* **Assignment**: An exact transcription of the lines below, from the first through the one containing "for \<open>k \<le> p\<close> and", is the only output wanted.
'''
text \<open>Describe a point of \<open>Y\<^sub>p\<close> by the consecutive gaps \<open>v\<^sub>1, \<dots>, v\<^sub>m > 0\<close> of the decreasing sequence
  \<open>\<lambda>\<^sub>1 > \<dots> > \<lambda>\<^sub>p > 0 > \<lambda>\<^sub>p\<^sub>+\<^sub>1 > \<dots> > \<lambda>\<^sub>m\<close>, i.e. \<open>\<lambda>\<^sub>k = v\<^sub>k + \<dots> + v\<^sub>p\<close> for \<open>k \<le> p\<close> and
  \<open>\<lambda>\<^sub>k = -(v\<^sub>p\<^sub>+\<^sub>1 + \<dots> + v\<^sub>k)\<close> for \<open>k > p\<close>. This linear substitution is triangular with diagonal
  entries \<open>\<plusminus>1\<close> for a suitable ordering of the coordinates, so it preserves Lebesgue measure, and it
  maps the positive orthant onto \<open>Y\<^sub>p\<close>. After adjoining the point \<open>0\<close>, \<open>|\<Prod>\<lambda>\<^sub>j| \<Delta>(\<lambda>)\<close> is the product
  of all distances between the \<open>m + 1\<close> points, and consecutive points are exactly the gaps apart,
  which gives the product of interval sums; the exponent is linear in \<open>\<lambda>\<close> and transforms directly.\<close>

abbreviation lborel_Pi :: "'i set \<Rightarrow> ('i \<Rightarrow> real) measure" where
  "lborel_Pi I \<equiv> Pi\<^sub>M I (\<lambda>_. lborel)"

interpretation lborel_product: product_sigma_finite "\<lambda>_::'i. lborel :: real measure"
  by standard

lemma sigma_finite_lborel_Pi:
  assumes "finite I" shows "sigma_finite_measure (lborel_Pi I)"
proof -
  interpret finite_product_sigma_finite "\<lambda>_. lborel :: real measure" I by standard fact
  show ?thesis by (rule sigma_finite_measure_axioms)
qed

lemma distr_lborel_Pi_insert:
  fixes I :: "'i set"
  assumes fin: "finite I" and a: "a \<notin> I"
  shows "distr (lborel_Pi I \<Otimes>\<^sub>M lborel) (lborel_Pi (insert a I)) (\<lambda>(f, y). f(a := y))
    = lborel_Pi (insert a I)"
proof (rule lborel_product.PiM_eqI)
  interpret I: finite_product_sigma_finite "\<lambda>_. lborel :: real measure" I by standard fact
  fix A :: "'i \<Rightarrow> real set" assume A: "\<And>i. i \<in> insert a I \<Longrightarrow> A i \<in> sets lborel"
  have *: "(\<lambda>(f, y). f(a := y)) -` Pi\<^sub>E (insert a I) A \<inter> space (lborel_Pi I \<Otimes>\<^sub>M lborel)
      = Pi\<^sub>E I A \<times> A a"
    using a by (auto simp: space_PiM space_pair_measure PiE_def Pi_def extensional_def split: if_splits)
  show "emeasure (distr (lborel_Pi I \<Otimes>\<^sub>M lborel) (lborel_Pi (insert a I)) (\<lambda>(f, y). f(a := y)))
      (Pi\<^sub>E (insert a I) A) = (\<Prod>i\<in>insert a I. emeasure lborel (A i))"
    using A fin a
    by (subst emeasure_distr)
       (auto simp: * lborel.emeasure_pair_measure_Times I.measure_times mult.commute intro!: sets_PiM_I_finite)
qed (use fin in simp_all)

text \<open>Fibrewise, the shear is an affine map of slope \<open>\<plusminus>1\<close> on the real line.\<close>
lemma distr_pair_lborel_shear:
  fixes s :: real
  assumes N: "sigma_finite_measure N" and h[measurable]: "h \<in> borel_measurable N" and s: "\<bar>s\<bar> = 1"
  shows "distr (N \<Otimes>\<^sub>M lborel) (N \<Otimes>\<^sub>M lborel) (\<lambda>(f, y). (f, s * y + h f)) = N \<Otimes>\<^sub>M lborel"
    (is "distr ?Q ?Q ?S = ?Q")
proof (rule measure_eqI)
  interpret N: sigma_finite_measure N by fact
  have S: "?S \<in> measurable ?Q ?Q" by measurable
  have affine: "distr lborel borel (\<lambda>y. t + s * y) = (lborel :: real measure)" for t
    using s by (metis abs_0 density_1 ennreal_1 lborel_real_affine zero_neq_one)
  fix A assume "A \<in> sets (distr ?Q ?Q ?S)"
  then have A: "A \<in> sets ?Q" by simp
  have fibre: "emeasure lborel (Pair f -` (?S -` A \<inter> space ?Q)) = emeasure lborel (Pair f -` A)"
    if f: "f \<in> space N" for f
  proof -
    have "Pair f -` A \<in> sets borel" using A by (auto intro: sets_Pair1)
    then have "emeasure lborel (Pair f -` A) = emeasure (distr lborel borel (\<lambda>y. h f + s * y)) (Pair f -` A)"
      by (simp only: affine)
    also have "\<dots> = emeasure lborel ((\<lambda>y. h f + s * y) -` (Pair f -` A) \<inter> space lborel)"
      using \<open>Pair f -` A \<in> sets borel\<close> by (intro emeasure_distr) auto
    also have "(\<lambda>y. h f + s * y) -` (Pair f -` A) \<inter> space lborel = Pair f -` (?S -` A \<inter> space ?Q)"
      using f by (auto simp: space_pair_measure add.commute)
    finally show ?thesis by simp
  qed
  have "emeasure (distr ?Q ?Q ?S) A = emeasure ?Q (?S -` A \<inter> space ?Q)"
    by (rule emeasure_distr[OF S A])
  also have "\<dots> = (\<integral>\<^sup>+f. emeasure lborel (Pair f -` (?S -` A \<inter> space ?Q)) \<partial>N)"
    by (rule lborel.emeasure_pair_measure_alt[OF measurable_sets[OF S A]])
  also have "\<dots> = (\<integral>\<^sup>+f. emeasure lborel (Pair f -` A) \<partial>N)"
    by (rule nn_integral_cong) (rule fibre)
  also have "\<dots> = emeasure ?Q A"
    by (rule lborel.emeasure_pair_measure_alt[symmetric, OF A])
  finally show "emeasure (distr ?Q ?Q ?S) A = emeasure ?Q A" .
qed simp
'''
* **Exercise solution**:
text \<open>Describe a point of \<open>Y\<^sub>p\<close> by the consecutive gaps \<open>v\<^sub>1, \<dots>, v\<^sub>m > 0\<close> of the decreasing sequence
  \<open>\<lambda>\<^sub>1 > \<dots> > \<lambda>\<^sub>p > 0 > \<lambda>\<^sub>p\<^sub>+\<^sub>1 > \<dots> > \<lambda>\<^sub>m\<close>, i.e. \<open>\<lambda>\<^sub>k = v\<^sub>k + \<dots> + v\<^sub>p\<close> for \<open>k \<le> p\<close> and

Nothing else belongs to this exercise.